De spirituele wereld bestaat. Kṛṣṇa zegt in de Bhagavad-gītā (BG 8.20) dat; paras tasmāt tu bhāvaḥ anyaḥ: "Er is een andere bhāva, natuur." Wat is die natuur? Sarveṣu naśyatsu na vinaśyati: "Als deze materiële wereld, deze kosmische manifestatie, de waarneembare wereld, beëindigd zal zijn, dan zal dat blijven bestaan. Dat zal niet beëindigen."

Er zijn veel voorbeelden. Zoals een luchtspiegeling in de woestijn. Soms zie je een enorme hoeveelheid water in de woestijn. De dorstige dieren rennen naar het water, maar er is geen water. Dus het dier sterft. Maar een mens moet niet als een dier zijn. Ze moeten hun standaard verhogen. Ze hebben een speciaal bewustzijn. Ze kunnen hun standaard van begrip vergroten met deze door gegeven God Vedische literatuur. Vyāsadeva is een incarnatie van Kṛṣṇa, dus Hij heeft ons de Vedische literatuur gegeven. Daarom is Zijn naam Vedavyāsa, incarnatie van God, Vedavyāsa. Mahā-muni-kṛte kiṁ vā paraiḥ. Het is niet nodig om te speculeren. Volg gewoon Vyāsadeva in de opeenvolging van discipelen. Nārada Muni's discipel is Vyāsadeva. Dus als we kennis ontvangen volgens dit paramparā systeem, dan is dat perfecte kennis. We moeten dit accepteren. Niścayātmikā.

Daarom zegt Rūpa Gosvāmī dat we vooruitgang kunnen maken in spiritueel leven. Het eerste principe is utsāha. (Upadeśāmṛta 3) Utsāha betekent enthousiasme: "Ja, Kṛṣṇa zegt; sarva-dharmān parityajya mām ekaṁ śaraṇaṁ vraja (BG 18.66).

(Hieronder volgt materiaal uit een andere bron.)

lemma closed_trail_exists:
  assumes "\<forall>e\<in>#M. card (fst e) = 2" "\<forall>y. even (edge_degree M y)" "edge_degree M x > 0"
  obtains c where "c \<noteq> []" "dart_walk x c x" "edges_of c \<subseteq># M"
proof -
  define P where "P ds \<longleftrightarrow> ds \<noteq> [] \<and> (\<exists>w. dart_walk x ds w) \<and> edges_of ds \<subseteq># M" for ds
  obtain e where e: "e \<in># M" "x \<in> fst e" using assms(3) edge_degree_pos_iff by metis
  then obtain y where "fst e = {x, y}" using assms(1) edge_other_end by metis
  hence "P [(x, y, snd e)]" using e(1) undirected_dart[of e x y] unfolding P_def by auto
  then obtain ds where ds: "P ds" and longest: "\<And>ds'. P ds' \<Longrightarrow> length ds' \<le> length ds"
    using longest_trail[of P] unfolding P_def by blast
  then obtain w where w: "dart_walk x ds w" "edges_of ds \<subseteq># M" "ds \<noteq> []" unfolding P_def by blast
  show ?thesis
  proof (cases "w = x")
    case False
    then obtain d where "dart_walk x (ds @ [d]) (fst (snd d))" "edges_of (ds @ [d]) \<subseteq># M"
      using trail_extend[OF assms(1,2) w(1) _ w(2)] by blast
    hence "P (ds @ [d])" unfolding P_def by blast
    thus ?thesis using longest by fastforce
  qed (use w that in blast)
qed

definition closed_under_edges :: "('a set \<times> 'e) multiset \<Rightarrow> 'a set \<Rightarrow> bool" where
  "closed_under_edges M S \<longleftrightarrow> (\<forall>e\<in>#M. fst e \<inter> S \<noteq> {} \<longrightarrow> fst e \<subseteq> S)"

lemma leftover_edge_meets_walk:
  assumes "\<forall>e\<in>#M. card (fst e) = 2"
    and conn: "\<forall>S. z \<in> S \<longrightarrow> closed_under_edges M S \<longrightarrow> (\<forall>e\<in>#M. fst e \<subseteq> S)"
    and "edges_of ds \<subseteq># M" "edges_of ds \<noteq> M"
  obtains e x where "e \<in># M - edges_of ds" "x \<in> fst e"
    "x = z \<or> (\<exists>d\<in>set ds. x = fst d \<or> x = fst (snd d))"
proof -
  define S where "S = insert z {x. \<exists>d\<in>set ds. x = fst d \<or> x = fst (snd d)}"
  have M: "edges_of ds + (M - edges_of ds) = M" using assms(3) by (rule subset_mset.add_diff_inverse)
  have walk_edges: "fst e \<subseteq> S" if "e \<in># edges_of ds" for e
    using that unfolding S_def undirected_def by force
  show ?thesis
  proof (cases "closed_under_edges (M - edges_of ds) S")
    case True
    have "closed_under_edges M S"
      unfolding closed_under_edges_def
    proof (intro ballI impI)
      fix e assume "e \<in># M" "fst e \<inter> S \<noteq> {}"
      moreover have "e \<in># edges_of ds \<or> e \<in># M - edges_of ds"
        using \<open>e \<in># M\<close> M by (metis union_iff)
      ultimately show "fst e \<subseteq> S" using True walk_edges unfolding closed_under_edges_def by blast
    qed
    hence all: "\<forall>e\<in>#M. fst e \<subseteq> S" using conn unfolding S_def by blast
    have "M - edges_of ds \<noteq> {#}" using assms(4) M by force
    then obtain e where e: "e \<in># M - edges_of ds" by blast
    hence "e \<in># M" by (rule in_diffD)
    hence "fst e \<subseteq> S" "fst e \<noteq> {}" using all assms(1) by fastforce+
    then obtain x where "x \<in> fst e" "x \<in> S" by blast
    thus ?thesis using that e unfolding S_def by blast
  next
    case False
    then obtain e x where "e \<in># M - edges_of ds" "x \<in> fst e" "x \<in> S"
      unfolding closed_under_edges_def by blast
    thus ?thesis using that unfolding S_def by blast
  qed
qed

Ik zal het aanvaarden en enthousiast volgens dit principe werken zoals Kṛṣṇa zegt." Kṛṣṇa zegt; man-manā bhava mad-bhakto mad-yājī māṁ namaskuru (BG 18.65), en we moeten het doen, enthousiast beoefenen: "Ja, ik zal altijd aan Kṛṣṇa denken." Man-manāḥ. Zegt Kṛṣṇa rechtstreeks. Man-manā bhava mad-bhaktaḥ, "Wordt gewoon Mijn toegewijde." Dus we moeten enthousiast zijn: "Ja, ik zal Kṛṣṇa's toegewijde worden." Man-manā bhava mad-bhakto mad-yājī. Kṛṣṇa zegt: "Aanbid me," dus we moeten heel enthousiast zijn om Kṛṣṇa te aanbidden en maṅgala-ārātrika offeren en vroeg in de morgen ​​op staan. Dit is allemaal enthousiasme, utsāha. Zij die niet enthousiast zijn maar lui, lethargisch, kunnen geen vooruitgang maken in het spirituele leven. Alleen slapen, ze kunnen het niet. Men moet heel enthousiast en positief zijn.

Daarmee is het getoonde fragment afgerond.